Mesmo em tempo de pouca liberdade, brincar é essencial
Houve um tempo, quando as crianças podiam viver mais livres pelas cidades, em que as brincadeiras aconteciam de maneira espontânea e as tradições eram transmitidas entre os pequenos de forma natural, sem a necessidade da interferência de um adulto. Porém, muita coisa mudou de lá pra cá.
A começar pela reconfiguração dos centros urbanos, que se tornaram infinitamente menos seguros do que foram no passado. Assim, o espaço de brincar foi reduzido a breves momentos na escola ou às condições controladas de condomínios e de clubes, ocorrendo em ocasiões não tão frequentes como as que existiam antes.
Além disso, para dificultar ainda mais o cenário, há quase dois anos as crianças foram impedidas de brincar, mesmo que fosse com a pouca liberdade que tinham antes da pandemia. Como se não bastasse, no momento em que elas sentiram o gostinho de voltarem novamente à liberdade, ainda que fosse à restrita, vêm as incertezas quanto as possibilidades da volta à normalidade.
Felizmente, aliadas à necessidade de limitar os movimentos da criançada, inúmeras alternativas tecnológicas foram desenvolvidas.
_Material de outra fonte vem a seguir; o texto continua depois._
lemma polynomial_mod_prime_cograph_equiv:
  fixes C :: "'p \<Rightarrow> 'p \<Rightarrow> 'e"
  assumes cograph: "is_cograph Pts C" and fin: "finite Pts"
  shows "\<exists>a n (m :: int) (V :: int set). symmetric_coeffs a \<and> m > 0 \<and> V \<subseteq> {0..<m} \<and>
           cograph_equiv Pts C V (\<lambda>x y. poly2 a n x y mod m)"
proof -
  obtain \<kappa> :: "'e \<Rightarrow> nat" and N
    where \<kappa>: "\<kappa> ` cograph_edges Pts C = {i. i < N}" "inj_on \<kappa> (cograph_edges Pts C)"
    using finite_imp_inj_to_nat_seg[OF finite_cograph_edges[OF fin]] by metis
  obtain x :: "'p \<Rightarrow> nat" where x: "inj_on x Pts" "\<forall>P\<in>Pts. prime (x P)"
    using ex_inj_on_primes[OF fin] by blast
  define K where "K = Max (insert 0 (x ` Pts))"
  have x_le: "x P \<le> K" if "P \<in> Pts" for P
    unfolding K_def using fin that by simp
  obtain p where p: "prime p" "2 * N + K * K < p"
    using bigger_prime by blast
  define Pr where "Pr = {(P, Q). P \<in> Pts \<and> Q \<in> Pts \<and> P \<noteq> Q}"
  define s where "s q = int (x (fst q) * x (snd q))" for q
  define c where "c q = int (\<kappa> (C (fst q) (snd q)))" for q
  define F :: "int poly" where "F = (\<Sum>q\<in>Pr. smult (c q) (1 - [:- s q, 1:] ^ (p - 1)))"
  define a where "a i j = (if i = j then coeff F i else 0)" for i j
  have "finite Pr"
    unfolding Pr_def by (rule finite_subset[of _ "Pts \<times> Pts"]) (use fin in auto)
  have s_range: "0 \<le> s q \<and> s q < int p" if "q \<in> Pr" for q
  proof -
    have "x (fst q) * x (snd q) \<le> K * K"
      using that x_le unfolding Pr_def by (auto intro: mult_le_mono)
    then have "x (fst q) * x (snd q) < p" using p(2) by linarith
    then show ?thesis unfolding s_def by (simp del: of_nat_mult)
  qed
  have same_product: "{q \<in> Pr. [s q = s (P, Q)] (mod int p)} = {(P, Q), (Q, P)}"
    if PQ: "P \<in> Pts" "Q \<in> Pts" "P \<noteq> Q" for P Q
  proof -
    have "(P, Q) \<in> Pr" using PQ unfolding Pr_def by simp
    have "[s (R, S) = s (P, Q)] (mod int p) \<longleftrightarrow> (R = P \<and> S = Q \<or> R = Q \<and> S = P)"
      if "(R, S) \<in> Pr" for R S
    proof -
      have "[s (R, S) = s (P, Q)] (mod int p) \<longleftrightarrow> s (R, S) = s (P, Q)"
        using cong_less_imp_eq_int[of "s (R, S)" "int p" "s (P, Q)"]
          s_range[OF that] s_range[OF \<open>(P, Q) \<in> Pr\<close>] by auto
      also have "\<dots> \<longleftrightarrow> x R * x S = x P * x Q"
        unfolding s_def by (simp only: of_nat_eq_iff fst_conv snd_conv)
      also have "\<dots> \<longleftrightarrow> (x R = x P \<and> x S = x Q \<or> x R = x Q \<and> x S = x P)"
      proof
        assume "x R * x S = x P * x Q"
        then show "x R = x P \<and> x S = x Q \<or> x R = x Q \<and> x S = x P"
          using prime_products_eq[of "x R" "x P" "x Q" "x S"] x(2) that PQ unfolding Pr_def by auto
      qed (auto simp: mult.commute)
      also have "\<dots> \<longleftrightarrow> (R = P \<and> S = Q \<or> R = Q \<and> S = P)"
        using x(1) that PQ unfolding Pr_def by (auto simp: inj_on_eq_iff)
      finally show ?thesis .
    qed
    then show ?thesis using PQ unfolding Pr_def by auto
  qed
  \<comment> \<open>the interpolation runs over ordered pairs, so every edge code is counted twice\<close>
  have labelled_value: "poly2 a (degree F) (int (x P)) (int (x Q)) mod int p = 2 * int (\<kappa> (C P Q))"
    if PQ: "P \<in> Pts" "Q \<in> Pts" "P \<noteq> Q" for P Q
  proof -
    have "[poly F (s (P, Q)) = c (P, Q) + c (Q, P)] (mod int p)"
      using poly_fermat_interpolation_cong[OF p(1) \<open>finite Pr\<close>, of c s "s (P, Q)"]
      unfolding F_def same_product[OF PQ] using PQ by simp
    moreover have "c (Q, P) = c (P, Q)"
      using cograph PQ unfolding c_def is_cograph_def by simp
    moreover have "\<kappa> (C P Q) < N"
      using \<kappa>(1) PQ unfolding cograph_edges_def by blast
    ultimately show ?thesis
      using p(2) unfolding a_def poly2_diagonal c_def s_def cong_def by simp
  qed
  have "cograph_equiv Pts C ((\<lambda>P. int (x P)) ` Pts) (\<lambda>y z. poly2 a (degree F) y z mod int p)"
  proof (rule cograph_equivI[where c = "\<lambda>t. 2 * int (\<kappa> t)"])
    show "bij_betw (\<lambda>P. int (x P)) Pts ((\<lambda>P. int (x P)) ` Pts)"
      using x(1) by (simp add: bij_betw_imageI inj_on_def)
    show "inj_on (\<lambda>t. 2 * int (\<kappa> t)) (cograph_edges Pts C)"
      using \<kappa>(2) by (simp add: inj_on_def)
  qed (use labelled_value in simp)
  moreover have "(\<lambda>P. int (x P)) ` Pts \<subseteq> {0..<int p}"
  proof -
    have "x P < p" if "P \<in> Pts" for P
      using x_le[OF that] le_square[of K] p(2) by linarith
    then show ?thesis by auto
  qed
  moreover have "symmetric_coeffs a"
    unfolding symmetric_coeffs_def a_def by simp
  moreover have "int p > 0"
    using prime_gt_0_nat[OF p(1)] by simp
  ultimately show ?thesis by blast
qed
lemma cross_eq_0_imp_multiple:
  assumes "cross u v = 0" "v \<noteq> (0::'a::field^3)"
  shows "\<exists>c. u = c *s v"
proof -
  have e: "u$2 * v$3 = u$3 * v$2" "u$3 * v$1 = u$1 * v$3" "u$1 * v$2 = u$2 * v$1"
    using assms(1) by (simp_all add: vec_eq_iff forall_3 cross_nth)
  obtain k where k: "v $ k \<noteq> 0" using assms(2) by (metis vec_eq_iff zero_index)
  have r: "u $ i * v $ k = u $ k * v $ i" for i
    using exhaust_3[of i] exhaust_3[of k] by (elim disjE) (simp_all, (metis e)+)
  have "u $ i = (u$k / v$k) * v $ i" for i
  proof -
    have "u $ i = (u $ i * v $ k) / v $ k" using k by simp
    also have "\<dots> = (u$k / v$k) * v$i" using r[of i] by simp
    finally show ?thesis .
  qed
  then have "\<exists>c. \<forall>i. u $ i = c * v $ i" by blast
  then show ?thesis by (auto simp: vec_eq_iff)
qed

lemma orthogonal_both_imp_cross_multiple:
  assumes "dotp u w = 0" "dotp u' w = 0" "cross u u' \<noteq> (0::'a::field^3)"
  shows "\<exists>c. w = c *s cross u u'"
proof -
  have "cross (cross u u') w = 0" using assms by (simp add: cross_cross dotp_sym)
  then have "cross w (cross u u') = 0" by (metis cross_antisym neg_equal_0_iff_equal)
  then show ?thesis using cross_eq_0_imp_multiple assms(3) by blast
qed

lemma vector_smult_right_cancel: "c *s a = d *s a \<Longrightarrow> a \<noteq> (0::'a::field^'n) \<Longrightarrow> c = d"
  by (metis vector_sub_rdistrib eq_iff_diff_eq_0 vector_mul_eq_0)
Por um lado, elas são ótimas, porque permitem que meninas e meninos encontrem outros meios para extravasarem a criatividade e consiga, de alguma, suprir a necessidade de conviver com o lúdico. Porém, nada se compara aos jogos físicos e presenciais de antigamente.
Brincar é indispensável
Ninguém tem dúvidas de que brincar é algo indispensável na infância. É por meio da brincadeira que a criança começa a se relacionar com o mundo e a se desenvolver. Brincar estimula a criatividade e o desenvolvimento de novas habilidades, permite a socialização, ajuda no entendimento da necessidade de regras e reforça a capacidade de expressão e de comunicação.
O momento de brincar permite ainda que o imaginário seja transportado para o mundo real, transformando situações simples em algo valioso e enriquecedor. Assim, os brinquedos e as brincadeiras passam a fazer parte da própria experiência de vida dos pequenos.
De fato, os especialistas consideram que a criança que brinca tem mais chances de se tornar um adulto criativo e com maior capacidade para se socializar.
Personalidade integral
Não foi por acaso que o médico pediatra, psiquiatra e psicanalistas inglês Donald Woods Winnicott dedicou muito do seu tempo a analisar os efeitos das brincadeiras sobre as pessoas, inclusive ao conectar o ato de brincar à realidade. “É no brincar e talvez apenas no brincar que a criança ou o adulto fluem sua liberdade de criação e podem utilizar sua personalidade integral e é somente sendo criativo que o indivíduo descobre o eu”, disse Winnicott.
Também não é sem motivo que o Artigo 227 da Constituição Federal assegura o lazer como um direito da criança, o que é reafirmado pelos artigos Artigo 4 do Estatuto da Criança e do Adolescente (ECA) — Lei Federal nº 8.069, de 1990. Aliás, em seu Artigo 16, o ECA é ainda mais explícito ao dizer o direito à liberdade assegurado aos pequenos compreende, entre outros aspectos, brincar, praticar esportes e divertir-se.
Portanto, é indispensável que pais e educadores entendam e respeitem a relevância da brincadeira e que proporcione condições para que as crianças brinquem sempre. Aliás, é até oportuno que, em certas ocasiões, os adultos brinquem com elas, o que pode ser extremamente divertido para todos.
Principalmente se forem resgatadas as brincadeiras de outras épocas e, na medida do possível, a liberdade que elas permitiam.